Wszyscy na ten dzień przygotowują dekoracje. NIektóre są kupione. Inne zrobione są własnoręcznie, a jeszcze inne zyskuję nowy wygląd poprzez ich przerobioenie.
Tak też sią stało z moją choinką.
Miałam o taką choinkę:
Choinkę tę kupiłam bardzo dawno temu i co roku zdobiła najpierw mój pokój, a później salon. Niestety zabaweczki pogubiły się i poniszczyły. W tym roku miało jej już nie być. Ale gdy ubierałam choinkę to stwierdziłam, że szkoda mi tej biduli, bo mi się bardzo podoba.

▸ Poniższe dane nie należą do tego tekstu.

(* Let $c\in\mathbb{N}$, let $\delta>1/c$, and let $\mathrm{ALG}$ be a deterministic algorithm for the Halld\'orsson–Szegedy guessing game such that on inputs where $n=k^c$ the cost of $\mathrm{ALG}$ is at most $O(n^{1-\delta})$. Then $\mathrm{ALG}$ must read at least $b=\Omega(n\log n)$ bits of advice.
   Context: The Halld\'orsson–Szegedy guessing game (HSGG) is the following minimization problem. First integers $k\leq n$ with $k$ even are revealed. Then for $i=1,\dots,n$: a set $A_i\subseteq[k]$ of size $k/2$ (available characters) is revealed; the algorithm answers $y_i\in[n]$ subject to: for every $t<i$ with $y_t=y_i$, $x_t\in A_i$; then the correct character $x_i\in A_i$ is revealed. The cost of the output $y_1\cdots y_n$ is $|\{y_1,\dots,y_n\}|$. Advice is read from an infinite tape prepared by an oracle knowing the whole input. *)

theory Defs
  imports Complex_Main
begin

type_synonym tape = "nat \<Rightarrow> bool"

text \<open>Given the advice tape,
  k, n, the revealed sets A_1..A_i (a list of length i) and the revealed characters
  x_1..x_{i-1} (a list of length i-1), it answers y_i. Onlineness is enforced by the type.\<close>
type_synonym hsgg_alg = "tape \<Rightarrow> nat \<Rightarrow> nat \<Rightarrow> nat set list \<Rightarrow> nat list \<Rightarrow> nat"

text \<open>An oracle prepares the tape knowing the whole input (k, n, As, xs).\<close>
type_synonym hsgg_oracle = "nat \<Rightarrow> nat \<Rightarrow> nat set list \<Rightarrow> nat list \<Rightarrow> tape"

definition hsgg_input :: "nat \<Rightarrow> nat \<Rightarrow> nat set list \<Rightarrow> nat list \<Rightarrow> bool" where
  "hsgg_input k n As xs \<longleftrightarrow> even k \<and> k \<le> n \<and> length As = n \<and> length xs = n \<and>
     (\<forall>i<n. As ! i \<subseteq> {1..k} \<and> card (As ! i) = k div 2 \<and> xs ! i \<in> As ! i)"

definition hsgg_run :: "hsgg_alg \<Rightarrow> tape \<Rightarrow> nat \<Rightarrow> nat \<Rightarrow> nat set list \<Rightarrow> nat list \<Rightarrow> nat list" where
  "hsgg_run ALG \<phi> k n As xs = map (\<lambda>i. ALG \<phi> k n (take (Suc i) As) (take i xs)) [0..<n]"

definition hsgg_valid_output :: "nat \<Rightarrow> nat set list \<Rightarrow> nat list \<Rightarrow> nat list \<Rightarrow> bool" where
  "hsgg_valid_output n As xs ys \<longleftrightarrow> length ys = n \<and>
     (\<forall>i<n. ys ! i \<in> {1..n} \<and> (\<forall>t<i. ys ! t = ys ! i \<longrightarrow> xs ! t \<in> As ! i))"

definition hsgg_cost :: "nat list \<Rightarrow> nat" where
  "hsgg_cost ys = card (set ys)"

text \<open>The run of ALG on the input with tape \<phi> only depends on (i.e. reads at most)
  the first b bits of \<phi>: every tape agreeing with \<phi> on positions < b yields the same run.
  (The number of bits actually read is at least the least such b.)\<close>
definition hsgg_determined_by :: "hsgg_alg \<Rightarrow> tape \<Rightarrow> nat \<Rightarrow> nat \<Rightarrow> nat \<Rightarrow> nat set list \<Rightarrow> nat list \<Rightarrow> bool" where
  "hsgg_determined_by ALG \<phi> b k n As xs \<longleftrightarrow>
     (\<forall>\<psi>. (\<forall>j<b. \<psi> j = \<phi> j) \<longrightarrow> hsgg_run ALG \<psi> k n As xs = hsgg_run ALG \<phi> k n As xs)"

end

theory Submission
  imports Defs "HOL-Real_Asymp.Real_Asymp" "HOL-Library.Log_Nat"
begin

text \<open>
  Once the advice tape is fixed, the algorithm is a deterministic strategy, and it suffices to
  count the inputs such a strategy solves with cost at most \<open>m\<close>. Along a run consider the
  potential, the number of distinct pairs (guess, revealed character); it never exceeds \<open>m k\<close>
  and grows by at most one per round. In a round that leaves it unchanged the guess \<open>y\<close> is old,
  so the revealed character and all characters revealed earlier under \<open>y\<close> lie in the set \<open>A\<close>.
  A random \<open>k/2\<close>-subset of \<open>[k]\<close> contains a fixed \<open>d\<close>-set with probability at most
  \<open>2^-d\<close>, so with \<open>2^d \<ge> n\<close> only an \<open>O(log n / k)\<close> fraction of all rounds can do this.
  Hence one strategy solves at most a \<open>2^n k^(-(n - m k)/2)\<close> fraction of all inputs. Reading
  \<open>B\<close> advice bits selects one of \<open>2^B\<close> strategies, so \<open>B \<ge> (n - m k) log \<surd>k - n\<close>, which
  is of order \<open>n log n\<close> when \<open>n = k^c\<close> and the cost \<open>m = O(n^(1-\<delta>))\<close> satisfies \<open>m k \<le> n/2\<close>.
\<close>

section \<open>Binomial estimates\<close>

lemma two_power_mult_choose_le:
  "s \<le> h \<Longrightarrow> 2 * h \<le> K \<Longrightarrow> 2 ^ s * ((K - s) choose (h - s)) \<le> K choose h"
proof (induction s arbitrary: K h)
  case (Suc s)
  have "K - Suc s = (K - 1) - s" "h - Suc s = (h - 1) - s" by simp_all
  moreover have "2 ^ s * ((K - 1 - s) choose (h - 1 - s)) \<le> (K - 1) choose (h - 1)"
    using Suc.prems by (intro Suc.IH) auto
  moreover have "2 * ((K - 1) choose (h - 1)) \<le> K choose h"
  proof -
    have "h * (2 * ((K - 1) choose (h - 1))) \<le> K * ((K - 1) choose (h - 1))"
      using Suc.prems mult_le_mono1[of "2 * h" K]
      by (simp only: mult.assoc[symmetric] mult.commute[of h 2])
    also have "\<dots> = h * (K choose h)"
      using times_binomial_minus1_eq[of h K] Suc.prems by simp
    finally show ?thesis using Suc.prems by simp
  qed
  ultimately show ?case by simp
qed simp
(* Let $a_x,b_x$ be linearly independent linear forms. (B) For a quadratic form $f$: $J^2[f,a_xb_x,u_x^2]=0$ (identically in $u$) iff $f=a_0a_x^2+b_0b_x^2$ for some $a_0,b_0\in\mathbb C$. (C) For a cubic form $f$: $J^2[f,a_xb_x,u_x^2]=0$ (identically in $x$ and $u$) iff $f=a_0a_x^3+b_0b_x^3$ for some $a_0,b_0\in\mathbb C$.
   Context: Forms are homogeneous polynomials with complex coefficients in $x=(x_1,x_2,x_3)$. For $a\in\mathbb C^3$, $a_x=\sum a_ix_i$. The variables $u=(u_1,u_2,u_3)$ are indeterminates with $u_x=\sum u_ix_i$. The second transvectant is $J^2[f,g,h]=\big(\Omega^2(f(x)g(y)h(z))\big)|_{y=z=x}$, where $\Omega$ is the determinant of the operator matrix with rows $(\partial/\partial x_i)$, $(\partial/\partial y_i)$, $(\partial/\partial z_i)$, and $u$ is treated as constant. *)

theory Defs
  imports "HOL-Analysis.Analysis"
begin

text \<open>Points of C^3 are vectors of type complex^3. A form is represented by
its polynomial function C^3 -> C.\<close>

definition lform :: "complex^3 \<Rightarrow> complex^3 \<Rightarrow> complex" where
  "lform a x = (\<Sum>i\<in>UNIV. a$i * x$i)"

definition is_quadratic_form :: "(complex^3 \<Rightarrow> complex) \<Rightarrow> bool" where
  "is_quadratic_form f \<longleftrightarrow>
     (\<exists>c :: 3 \<Rightarrow> 3 \<Rightarrow> complex. f = (\<lambda>x. \<Sum>i\<in>UNIV. \<Sum>j\<in>UNIV. c i j * x$i * x$j))"

definition is_cubic_form :: "(complex^3 \<Rightarrow> complex) \<Rightarrow> bool" where
  "is_cubic_form f \<longleftrightarrow>
     (\<exists>c :: 3 \<Rightarrow> 3 \<Rightarrow> 3 \<Rightarrow> complex.
        f = (\<lambda>x. \<Sum>i\<in>UNIV. \<Sum>j\<in>UNIV. \<Sum>k\<in>UNIV. c i j k * x$i * x$j * x$k))"

definition pd :: "3 \<Rightarrow> (complex^3 \<Rightarrow> complex) \<Rightarrow> complex^3 \<Rightarrow> complex" where
  "pd i f x = deriv (\<lambda>t. f (x + t *s axis i 1)) 0"

text \<open>Second transvectant: Omega^2 applied to f(x)g(y)h(z), then y = z = x.
  Expanding Omega = sum over sigma of sgn(sigma) d_{x,sigma 1} d_{y,sigma 2} d_{z,sigma 3},
  Omega^2 (f(x) g(y) h(z)) is the double sum below (with x,y,z separate); setting y=z=x gives:\<close>
definition J2 :: "(complex^3 \<Rightarrow> complex) \<Rightarrow> (complex^3 \<Rightarrow> complex) \<Rightarrow> (complex^3 \<Rightarrow> complex)
                   \<Rightarrow> complex^3 \<Rightarrow> complex" where
  "J2 f g h x = (\<Sum>\<sigma>\<in>{\<sigma>. \<sigma> permutes (UNIV :: 3 set)}. \<Sum>\<tau>\<in>{\<tau>. \<tau> permutes (UNIV :: 3 set)}.
      of_int (sign \<sigma> * sign \<tau>)
      * pd (\<sigma> 1) (pd (\<tau> 1) f) x
      * pd (\<sigma> 2) (pd (\<tau> 2) g) x
      * pd (\<sigma> 3) (pd (\<tau> 3) h) x)"

end

theory Submission
  imports Defs
begin

text \<open>The transvectant only sees Hessians: if \<open>A\<close> is the (symmetric) Hessian of \<open>f\<close> at \<open>x\<close>, then
  \<open>J\<^sup>2[f, a\<^sub>x b\<^sub>x, u\<^sub>x\<^sup>2](x) = 4 (a \<times> u)\<^sup>T A (b \<times> u)\<close>.
  If this vanishes for all \<open>u\<close>, pick \<open>e\<close> with \<open>det(a, b, e) \<noteq> 0\<close>; polarisation in \<open>u\<close>
  shows that \<open>A\<close> is diagonal with zero last entry in the basis \<open>b \<times> e, e \<times> a, a \<times> b\<close>,
  whose dual coordinates are \<open>a\<^sub>x, b\<^sub>x, e\<^sub>x\<close>; hence \<open>x\<^sup>T A x\<close> is a
  combination of \<open>a\<^sub>x\<^sup>2\<close> and \<open>b\<^sub>x\<^sup>2\<close>. A quadratic \<open>f\<close> is half its constant Hessian
  form. For a cubic \<open>f\<close> the Hessian \<open>H(y)\<close> is linear in \<open>y\<close> and \<open>H(y)(v, w)\<close> is a
  symmetric trilinear form, so the same argument applied once more in the first slot gives
  \<open>f = \<alpha> a\<^sub>x\<^sup>3 + \<beta> b\<^sub>x\<^sup>3\<close>. Conversely the Hessian of \<open>\<alpha> a\<^sub>x\<^sup>n + \<beta> b\<^sub>x\<^sup>n\<close> is a
  combination of \<open>a a\<^sup>T\<close> and \<open>b b\<^sup>T\<close>, which vanishes on \<open>(a \<times> u, b \<times> u)\<close>.\<close>

lemma pd_eq_of_cubic_restriction:
  assumes "\<And>t. f (x + t *s axis i 1) = A + B * t + C * t^2 + D * t^3"
  shows "pd i f x = B"
proof -
  have "((\<lambda>t. A + B * t + C * t^2 + D * t^3) has_field_derivative B) (at 0)"
    by (rule derivative_eq_intros refl | simp)+
  then show ?thesis
    unfolding pd_def using assms DERIV_imp_deriv by simp
qed

lemma lform_add_axis: "lform a (x + t *s axis i 1) = lform a x + t * a$i"
  using exhaust_3[of i] by (auto simp: lform_def sum_3 axis_def algebra_simps)

lemma pd_linear_form: "pd j (\<lambda>x. \<Sum>l\<in>UNIV. d l * x$l) x = d j"
  by (rule pd_eq_of_cubic_restriction[where A="\<Sum>l\<in>UNIV. d l * x$l" and C=0 and D=0])
    (use exhaust_3[of j] in \<open>auto simp: sum_3 axis_def algebra_simps\<close>)

lemma pd_quadratic_form:
  "pd j (\<lambda>x. \<Sum>i\<in>UNIV. \<Sum>k\<in>UNIV. c i k * x$i * x$k) x = (\<Sum>l\<in>UNIV. (c j l + c l j) * x$l)"
  by (rule pd_eq_of_cubic_restriction
        [where A="\<Sum>i\<in>UNIV. \<Sum>k\<in>UNIV. c i k * x$i * x$k" and C="c j j" and D=0])
    (use exhaust_3[of j] in \<open>auto simp: sum_3 axis_def algebra_simps power2_eq_square\<close>)

lemma pd_cubic_form:
  "pd j (\<lambda>x. \<Sum>i\<in>UNIV. \<Sum>k\<in>UNIV. \<Sum>m\<in>UNIV. c i k m * x$i * x$k * x$m) x
    = (\<Sum>k\<in>UNIV. \<Sum>l\<in>UNIV. (c j k l + c k j l + c k l j) * x$k * x$l)"
  by (rule pd_eq_of_cubic_restriction
        [where A="\<Sum>i\<in>UNIV. \<Sum>k\<in>UNIV. \<Sum>m\<in>UNIV. c i k m * x$i * x$k * x$m"
           and C="\<Sum>l\<in>UNIV. (c j j l + c j l j + c l j j) * x$l" and D="c j j j"])
    (use exhaust_3[of j] in \<open>auto simp: sum_3 axis_def algebra_simps power2_eq_square power3_eq_cube\<close>)

lemma pd_lform_power_combination:
  "pd i (\<lambda>x. \<alpha> * lform a x ^ Suc n + \<beta> * lform b x ^ Suc n) x
     = of_nat (Suc n) * \<alpha> * a$i * lform a x ^ n + of_nat (Suc n) * \<beta> * b$i * lform b x ^ n"
proof -
  have "((\<lambda>t. \<alpha> * (lform a x + t * a$i) ^ Suc n + \<beta> * (lform b x + t * b$i) ^ Suc n)
          has_field_derivative
          of_nat (Suc n) * \<alpha> * a$i * lform a x ^ n + of_nat (Suc n) * \<beta> * b$i * lform b x ^ n) (at 0)"
    by (rule derivative_eq_intros refl | simp)+
  then show ?thesis
    unfolding pd_def lform_add_axis using DERIV_imp_deriv by blast
qed

definition hessian :: "(complex^3 \<Rightarrow> complex) \<Rightarrow> complex^3 \<Rightarrow> 3 \<Rightarrow> 3 \<Rightarrow> complex" where
  "hessian f x i j = pd i (pd j f) x"

lemma hessian_quadratic_form:
  "hessian (\<lambda>x. \<Sum>i\<in>UNIV. \<Sum>k\<in>UNIV. c i k * x$i * x$k) x i j = c j i + c i j"
  unfolding hessian_def pd_quadratic_form pd_linear_form ..

lemma hessian_lform_product:
  "hessian (\<lambda>x. lform a x * lform b x) x i j = a$j * b$i + a$i * b$j"
proof -
  have "(\<lambda>x. lform a x * lform b x) = (\<lambda>x. \<Sum>i\<in>UNIV. \<Sum>k\<in>UNIV. (a$i * b$k) * x$i * x$k)"
    by (simp add: fun_eq_iff lform_def sum_3 algebra_simps)
  then show ?thesis
    by (simp add: hessian_quadratic_form)
qed

lemma hessian_lform_power_combination:
  "hessian (\<lambda>x. \<alpha> * lform a x ^ Suc (Suc n) + \<beta> * lform b x ^ Suc (Suc n)) x i j
     = of_nat (Suc (Suc n) * Suc n) * (\<alpha> * lform a x ^ n * a$i * a$j + \<beta> * lform b x ^ n * b$i * b$j)"
proof -
  have "pd j (\<lambda>x. \<alpha> * lform a x ^ Suc (Suc n) + \<beta> * lform b x ^ Suc (Suc n))
      = (\<lambda>x. (of_nat (Suc (Suc n)) * \<alpha> * a$j) * lform a x ^ Suc n
           + (of_nat (Suc (Suc n)) * \<beta> * b$j) * lform b x ^ Suc n)"
    by (rule ext) (simp only: pd_lform_power_combination)
  then show ?thesis
    unfolding hessian_def by (simp only: pd_lform_power_combination) (simp add: algebra_simps)
qed

definition bilform :: "('n::finite \<Rightarrow> 'n \<Rightarrow> 'a::comm_ring) \<Rightarrow> 'a^'n \<Rightarrow> 'a^'n \<Rightarrow> 'a" where
  "bilform A v w = (\<Sum>i\<in>UNIV. \<Sum>j\<in>UNIV. v$i * A i j * w$j)"

lemma bilform_add_left: "bilform A (v + w) z = bilform A v z + bilform A w z"
  by (simp add: bilform_def sum.distrib algebra_simps)

lemma bilform_add_right: "bilform A z (v + w) = bilform A z v + bilform A z w"
  by (simp add: bilform_def sum.distrib algebra_simps)

lemma bilform_diff_left: "bilform A (v - w) z = bilform A v z - bilform A w z"
  by (simp add: bilform_def sum_subtractf algebra_simps)

lemma bilform_diff_right: "bilform A z (v - w) = bilform A z v - bilform A z w"
  by (simp add: bilform_def sum_subtractf algebra_simps)

lemma bilform_minus_left: "bilform A (- v) z = - bilform A v z"
  by (simp add: bilform_def sum_negf)

lemma bilform_minus_right: "bilform A z (- v) = - bilform A z v"
  by (simp add: bilform_def sum_negf)

lemma bilform_scale_left: "bilform A (s *s v) z = s * bilform A v z"
  by (simp add: bilform_def sum_distrib_left algebra_simps)

lemma bilform_scale_right: "bilform A z (s *s v) = s * bilform A z v"
  by (simp add: bilform_def sum_distrib_left algebra_simps)

lemmas bilform_linear = bilform_add_left bilform_add_right bilform_diff_left bilform_diff_right
  bilform_minus_left bilform_minus_right bilform_scale_left bilform_scale_right

lemma bilform_commute:
  assumes "\<And>i j. A i j = A j i"
  shows "bilform A v w = bilform A w v"
  unfolding bilform_def using assms by (subst sum.swap) (simp add: algebra_simps)

definition cross_vec :: "'a::comm_ring^3 \<Rightarrow> 'a^3 \<Rightarrow> 'a^3" where
  "cross_vec a u = vector [a$2 * u$3 - a$3 * u$2, a$3 * u$1 - a$1 * u$3, a$1 * u$2 - a$2 * u$1]"

lemma cross_vec_nth:
  "cross_vec a u $ 1 = a$2 * u$3 - a$3 * u$2"
  "cross_vec a u $ 2 = a$3 * u$1 - a$1 * u$3"
  "cross_vec a u $ 3 = a$1 * u$2 - a$2 * u$1"
  by (simp_all add: cross_vec_def)

lemma cross_vec_add_right: "cross_vec a (v + w) = cross_vec a v + cross_vec a w"
  by (simp add: vec_eq_iff forall_3 cross_vec_nth algebra_simps)

lemma cross_vec_self: "cross_vec a a = 0"
  by (simp add: vec_eq_iff forall_3 cross_vec_nth algebra_simps)

lemma cross_vec_anticommute: "cross_vec a b = - cross_vec b a"
  by (simp add: vec_eq_iff forall_3 cross_vec_nth algebra_simps)

lemma lform_cross_vec_self: "lform a (cross_vec a u) = 0"
  by (simp add: lform_def sum_3 cross_vec_nth algebra_simps)

lemma lform_cross_vec_cyclic: "lform a (cross_vec b e) = lform e (cross_vec a b)"
  by (simp add: lform_def sum_3 cross_vec_nth algebra_simps)
lemma reduction_mat_mult_mmat:
  assumes bounded: "\<forall>j < length a. a ! j \<le> 2 * int (length a)"
  shows "reduction_mat x (length a) * mmat a x = mat (length a) (length a) (\<lambda>(i, j).
    smat a $$ (i, j) * qpoch (qvar ^ (2 * (i + 1) + 2 * x)) qvar (nat (a ! j + 1 - 2 * int (i + 1))))"
    (is "_ = ?R")
proof (rule eq_matI)
  fix i j assume "i < dim_row ?R" "j < dim_col ?R"
  then have i: "i < length a" and j: "j < length a" by simp_all
  define Y where "Y = qvar ^ (2 * (i + 1) + 2 * x)"
  define e where "e = a ! j + 1 - 2 * int (i + 1)"
  have "dim_row (mmat a x) = length a" "dim_col (mmat a x) = length a"
    by (simp_all add: mmat_def)
  then have "(reduction_mat x (length a) * mmat a x) $$ (i, j)
      = (\<Sum>l < length a. if i \<le> l then qsum_coeff qvar Y (l - i) * mmat a x $$ (l, j) else 0)"
    using i j by (auto simp: reduction_mat_def scalar_prod_def atLeast0LessThan Y_def intro!: sum.cong)
  also have "\<dots> = (\<Sum>d < length a - i. qsum_coeff qvar Y d * mmat a x $$ (i + d, j))"
    by (simp add: sum_if_le_shift)
  finally have entry_sum: "(reduction_mat x (length a) * mmat a x) $$ (i, j)
      = (\<Sum>d < length a - i. qsum_coeff qvar Y d * mmat a x $$ (i + d, j))" .
  have mmat_entry: "mmat a x $$ (i + d, j) = (if e < 2 * int d then 0
      else qpoch (qvar ^ (2 * (i + d + 1) + 2 * x)) (qvar\<^sup>2) (nat (e - 2 * int d))
        / qpoch qvar qvar (nat (e - 2 * int d)))" if "d < length a - i" for d
    using that j by (simp add: mmat_def e_def Let_def algebra_simps)
  have smat_entry: "smat a $$ (i, j) = (if e < 0 then 0 else 1 / qpoch qvar qvar (nat e))"
    using i j by (simp add: smat_def e_def Let_def)
  show "(reduction_mat x (length a) * mmat a x) $$ (i, j) = ?R $$ (i, j)"
  proof (cases "e < 0")
    case True
    then have "\<forall>d \<in> {..<length a - i}. qsum_coeff qvar Y d * mmat a x $$ (i + d, j) = 0"
      by (simp add: mmat_entry)
    then have "(reduction_mat x (length a) * mmat a x) $$ (i, j) = 0"
      unfolding entry_sum by (rule sum.neutral)
    then show ?thesis
      using i j True by (simp add: smat_entry e_def[symmetric])
  next
    case False
    define N where "N = nat e"
    have e: "e = int N" using False unfolding N_def by simp
    have "int N < 2 * (int (length a) - int i)"
      using bounded j e unfolding e_def by auto
    then have "int N < int (2 * (length a - i))" using i by simp
    then have "N < 2 * (length a - i)" by (simp only: of_nat_less_iff)
    moreover have "qsum_coeff qvar Y d * mmat a x $$ (i + d, j) = qsum_term qvar Y N d"
      if "d < length a - i" for d
    proof (cases "N < 2 * d")
      case True
      then show ?thesis unfolding mmat_entry[OF that] e by (simp add: qsum_term_eq_0)
    next
      case False
      have "qvar ^ (2 * (i + d + 1) + 2 * x) = Y * (qvar\<^sup>2) ^ d"
        unfolding Y_def by (simp add: power_add[symmetric] power_mult[symmetric] algebra_simps)
      moreover have "nat (int N - 2 * int d) = N - 2 * d" using False by simp
      ultimately show ?thesis
        using False unfolding mmat_entry[OF that] e by (simp add: qsum_term_eq_coeff_mult)
    qed
    ultimately have "(reduction_mat x (length a) * mmat a x) $$ (i, j) = qpoch Y qvar N / qpoch qvar qvar N"
      unfolding entry_sum by (simp add: sum_qsum_term[OF qvar_not_root_of_unity])
    moreover have "?R $$ (i, j) = smat a $$ (i, j) * qpoch Y qvar (nat e)"
      using i j unfolding Y_def e_def by simp
    ultimately show ?thesis
      by (simp add: smat_entry e)
  qed
qed (simp_all add: reduction_mat_def mmat_def)

lemma admissible_bounds:
  assumes "admissible a" and "j < length a"
  shows "2 * int j + 1 \<le> a ! j" and "a ! j \<le> 2 * int (length a)"
  using assms unfolding admissible_def by (fastforce dest: bspec[of _ _ "Suc j"])+

lemma qpoch_qvar_shift:
  "qpoch (qvar ^ (2 * (i + 1) + 2 * x)) qvar k
    = qpoch (qvar ^ (2 * x + 1)) qvar (2 * i + 1 + k) / qpoch (qvar ^ (2 * x + 1)) qvar (2 * i + 1)"
proof -
  have "2 * x + 1 + (2 * i + 1) = 2 * (i + 1) + 2 * x" by simp
  then have "qvar ^ (2 * x + 1) * qvar ^ (2 * i + 1) = qvar ^ (2 * (i + 1) + 2 * x)"
    by (simp only: power_add[symmetric])
  moreover have "qpoch (qvar ^ (2 * x + 1)) qvar (2 * i + 1) \<noteq> 0"
    by (rule qpoch_power_nonzero[OF qvar_not_root_of_unity]) simp
  ultimately show ?thesis
    using qpoch_shift_eq_div by metis
qed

W zeszłym roku dostałam od mamy miniturowe złote bombeczki i pomyślałam, że je na niej powieszę. Owszem powiesiłam, ale nie bardzo mi się to podobało i trochę pomogłam zmienić jej wygląd.
Skorzystałam z materiałów, które znalazłam w pudle z przydasiami.
Jak to zrobiłam?
tutaj już pomalowana i wyschnięta - okazało się, że orginalny lakier pod wpływem nowej farby rozpuścił się i stopił z nową warstwą, nadając jej różowy odcień (w tym roku taka pozostanie, ale na przyszły rok trzeba będzie pozbyć się tego kolorku)
Prawda, że teraz wygląda to całkiem nieźle?
I nie wydałam na to nawet złotówki.
Przy tej okazji chę złożyć wszystkim czytelnikom tego bloga, aby nadchodzące święta były spędzone w najlepszej atmosferze, wśród bliskich nam osób. Aby wyznacznikiem naszego postępowania było "być", a nie "mieć". Aby "świnki - skarbonki" tyły od oszczędności, a o wydatkach decydował rozsądek i potrzeby, a nie zachcianki.